Luki menyatakan, posisi Irwan saat ini sebagai direktur usaha importir yang memasukan barang dari luar negeri ke Indonesia. "Itu membutuhkan jasa kepabeanan. Dalam fakta (sidang) juga ada masalah timbul dari usaha Pak Irwan. Kita lihat dari berbagai sisi, dari perusahaan yang butuh ekspor impor butuh dokumen itu, kemudian Pak Irwan tahu Pak Eko ini meski singkat," katanya.
Terkait uang Rp100 juta yang dipinjamkan Irwan ke Rendhie, Luki menduga itu hanya modus saja. Karena menurutnya uang itu muaranya ke Ayu Andini hingga Eko Darmanto. Kemudian juga tidak ditemukan perjanjian pinjam uang antara Irwan dengan Rendhie."Pengakuan Pak Irwan uang Rp100 juta bukan uang sedikit, dia juga butuh pengembalian dari pihak Rendhie," katanya.
Sementara itu, dalam dakwaan yang dibacakan JPU KPK, Luki Dwi Nugroho, terdakwa Eko sebagai Pegawai Negeri Sipil (PNS) atau Aparatur Sipil Negara (ASN) telah menerima gratifikasi berupa uang keseluruhannya berjumlah Rp23.511.303.640,24.
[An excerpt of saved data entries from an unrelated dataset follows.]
(* For $n\ge1$ let $N^{(n)}\in\{0,1,\dots\}$ with $N^{(n)}\to\infty$, and let $\bm\alpha^{(n)}=(\alpha^{(n)}_j)_{j\ge1}$, $\bm\beta^{(n)}=(\beta^{(n)}_j)_{j\ge1}$ be positive sequences with $\alpha^{(n)}_j\to\alpha_j>0$ and $\beta^{(n)}_j\to\beta_j>0$ as $n\to\infty$ for every $j$. Let $\bm\psi^{(n)}=(\psi^{(n)}_j)_{j\ge1}$ be Beta-Binomial transitions with parameters $(N^{(n)},\bm\alpha^{(n)},\bm\beta^{(n)})$. Then for every $j\ge1$ and every sequence $u_n\to u$ in $[0,1]$, $\psi^{(n)}_j(u_n,\cdot)\to\delta_{\Upsilon_j(u)}$ weakly, where $\Upsilon_j=F_{j+1}^{-1}\circ F_j$ with $F_j(v)=\mathcal I_v(\alpha_j,\beta_j)$.
   Context: $\mathcal I_v(a,b)$ denotes the regularized incomplete Beta function, i.e. the distribution function of $\mathrm{Beta}(a,b)$ at $v$. Beta-Binomial transitions with parameters $(N,\bm\alpha,\bm\beta)$ ($N\in\{0,1,\dots\}$, $\bm\alpha,\bm\beta$ positive sequences) are the kernels $\psi_j(v,du)=\sum_{z=0}^N\mathrm{Beta}(du\mid\alpha_{j+1}+z,\beta_{j+1}+N-z)\binom Nz\Upsilon^{\bm\alpha,\bm\beta}_j(v)^z(1-\Upsilon^{\bm\alpha,\bm\beta}_j(v))^{N-z}$ where $\Upsilon^{\bm\alpha,\bm\beta}_j=G_{j+1}^{-1}\circ G_j$, $G_j(v)=\mathcal I_v(\alpha_j,\beta_j)$. *)

theory Defs
  imports "HOL-Probability.Probability"
begin

definition beta_density :: "real \<Rightarrow> real \<Rightarrow> real \<Rightarrow> real" where
  "beta_density a b x =
     indicator {0<..<1} x * (x powr (a - 1) * (1 - x) powr (b - 1)) / Beta a b"

definition beta_measure :: "real \<Rightarrow> real \<Rightarrow> real measure" where
  "beta_measure a b = density lborel (\<lambda>x. ennreal (beta_density a b x))"

definition reg_inc_beta :: "real \<Rightarrow> real \<Rightarrow> real \<Rightarrow> real" where
  "reg_inc_beta v a b = measure (beta_measure a b) {..v}"

definition Gfun :: "(nat \<Rightarrow> real) \<Rightarrow> (nat \<Rightarrow> real) \<Rightarrow> nat \<Rightarrow> real \<Rightarrow> real" where
  "Gfun al bl j v = reg_inc_beta v (al j) (bl j)"

definition Upsilon :: "(nat \<Rightarrow> real) \<Rightarrow> (nat \<Rightarrow> real) \<Rightarrow> nat \<Rightarrow> real \<Rightarrow> real" where
  "Upsilon al bl j v = the_inv_into {0..1} (Gfun al bl (Suc j)) (Gfun al bl j v)"

definition bb_kernel ::
    "nat \<Rightarrow> (nat \<Rightarrow> real) \<Rightarrow> (nat \<Rightarrow> real) \<Rightarrow> nat \<Rightarrow> real \<Rightarrow> real measure" where
  "bb_kernel N al bl j v =
     (let p = Upsilon al bl j v in
      density lborel (\<lambda>x. ennreal (\<Sum>z\<in>{0..N}.
         real (N choose z) * p ^ z * (1 - p) ^ (N - z) *
         beta_density (al (Suc j) + real z) (bl (Suc j) + real (N - z)) x)))"

end

theory Submission
  imports Defs
begin

(* The kernel psi_j(u_n, .) is a Binomial(N, p_n) mixture of the laws Beta(a + z, b + N - z),
   where a = alpha_{j+1}, b = beta_{j+1} and p_n = Upsilon_j^(n)(u_n). Its mean squared deviation
   from p_n has the closed form (2 p (1 - p) N + O(1)) / ((a + b + N) (a + b + N + 1)), which is
   O(1/N); by Chebyshev's inequality the kernel therefore concentrates at p_n, and it suffices to
   show p_n -> Upsilon_j(u). The distribution functions G_j^(n) converge pointwise to G_j
   (dominated convergence in the Beta parameters); since they are monotone and G_j is continuous,
   G_j^(n)(u_n) -> G_j(u), and since G_{j+1} is strictly increasing on [0,1], this convergence
   passes through the inverses of the G_{j+1}^(n). *)

definition beta_integrand :: "real \<Rightarrow> real \<Rightarrow> real \<Rightarrow> real" where
  "beta_integrand a b x = x powr (a - 1) * (1 - x) powr (b - 1)"

lemma beta_integrand_nonneg: "0 \<le> beta_integrand a b x"
  unfolding beta_integrand_def by simp

lemma beta_integrand_pos: "0 < x \<Longrightarrow> x < 1 \<Longrightarrow> 0 < beta_integrand a b x"
  unfolding beta_integrand_def by simp
lemma rho_hermitian:
  assumes "0 \<le> t"
  shows "Im (\<rho> t $ 1 $ 1) = 0" and "\<rho> t $ 2 $ 1 = cnj (\<rho> t $ 1 $ 2)"
proof -
  define a where "a = (\<lambda>s. Im (\<rho> s $ 1 $ 1))"
  define X where "X = (\<lambda>s. Re (\<rho> s $ 1 $ 2) - Re (\<rho> s $ 2 $ 1))"
  define Y where "Y = (\<lambda>s. Im (\<rho> s $ 1 $ 2) + Im (\<rho> s $ 2 $ 1))"
  \<comment> \<open>\<open>a\<close>, \<open>X\<close>, \<open>Y\<close> span the anti-Hermitian part of \<open>\<rho>\<close>: the Hamiltonian rotates them
    and the dissipator damps them, so the weighted norm \<open>N\<close> cannot grow\<close>
  define N where "N s = 4 * (a s)\<^sup>2 + (X s)\<^sup>2 + (Y s)\<^sup>2" for s
  have "((\<lambda>s. - N s) has_real_derivative g s * (4 * (a s)\<^sup>2 + N s)) (at s within {0..})"
    if "0 \<le> s" for s
  proof -
    note Re_deriv = has_real_derivative_Re_rho[OF that] and Im_deriv = has_real_derivative_Im_rho[OF that]
    have Im_22: "Im (\<rho> s $ 2 $ 2) = - a s"
      using arg_cong[OF trace_rho[OF that], of Im] by (simp add: a_def)
    have "(a has_real_derivative (ex s * X s - ey s * Y s) / 2 - g s * a s) (at s within {0..})"
      using Im_deriv[of 1 1] by (simp add: a_def X_def Y_def lindblad_Re_Im)
    moreover have "(X has_real_derivative W s * Y s - 2 * ex s * a s - g s * X s / 2) (at s within {0..})"
      unfolding X_def
      by (rule DERIV_cong[OF DERIV_diff[OF Re_deriv Re_deriv]])
         (simp only: lindblad_Re_Im, simp add: Im_22 a_def Y_def field_simps)
    moreover have "(Y has_real_derivative - W s * X s + 2 * ey s * a s - g s * Y s / 2) (at s within {0..})"
      unfolding Y_def
      by (rule DERIV_cong[OF DERIV_add[OF Im_deriv Im_deriv]])
         (simp only: lindblad_Re_Im, simp add: Im_22 a_def X_def field_simps)
    ultimately show ?thesis
      unfolding N_def
      by (rule DERIV_cong[OF DERIV_minus[OF DERIV_add[OF DERIV_add[OF DERIV_cmult[OF DERIV_power]
              DERIV_power] DERIV_power]]])
         (simp add: field_simps power2_eq_square)
  qed
  then have "0 \<le> - N t"
  proof (rule nonneg_if_deriv_nonneg_where_neg)
    show "0 \<le> - N 0" by (simp add: N_def a_def X_def Y_def rho_0_entries)
    show "0 \<le> g s * (4 * (a s)\<^sup>2 + N s)" if "0 < s" for s
      using decay_rate_nonneg[of s] that by (simp add: N_def)
  qed (use assms in auto)
  then have "(a t)\<^sup>2 = 0 \<and> (X t)\<^sup>2 = 0 \<and> (Y t)\<^sup>2 = 0"
    unfolding N_def using zero_le_power2[of "a t"] zero_le_power2[of "X t"] zero_le_power2[of "Y t"]
    by linarith
  then have "a t = 0" "X t = 0" "Y t = 0" by simp_all
  then show "Im (\<rho> t $ 1 $ 1) = 0" and "\<rho> t $ 2 $ 1 = cnj (\<rho> t $ 1 $ 2)"
    by (simp_all add: a_def X_def Y_def complex_eq_iff)
qed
Eko menerima gratifikasi dari pihak antara lain, dari Andri Wirjanto sebesar Rp1,37 miliar, Ong Andy Wiryanto Rp6,85 miliar, David Ganianto dan Teguh Tjokrowibòwo sebesar Rp300 juta dan Lutfi Thamrin serta M Choiril sebesar Rp200 juta.
Lalu ada juga berasal dari Irwan Daniel Mussry Rp100 juta, Rendhie Okjiasmoko Rp30 juta, Martinus Suparman Rp930 juta, Soni Darma Rp450 juta, Nusa Syafrizal melalui Ilham Bagus Prayitno sebesar Rp250 juta dan Benny Wijaya Rp60 juta.
Selain itu juga ada nama S Steven Kurniawan sebesar Rp2,3 miliar, Lin Zhengwei dan Aldo Rp204,3 juta. Serta ada pengusaha yang tidak diketahui namanya memberi Rp10,9 miliar.
Dalam perkara ini, Eko dijerat Pasal 12 B juncto Pasal 18 UU Nomor 31 Tahun 1999 tentang Pemberantasan Tipikor sebagaimana telah diubah dengan UU Nomor 20 Tahun 2001 tentang Perubahan atas UU Nomor 31 Tahun 1999 tentang Pemberantasan Tipikor juncto Pasal 64 Ayat (1) KUHP. Terdakwa juga dijerat pasal tentang Tindak Pidana Pencucian Uang (TPPU).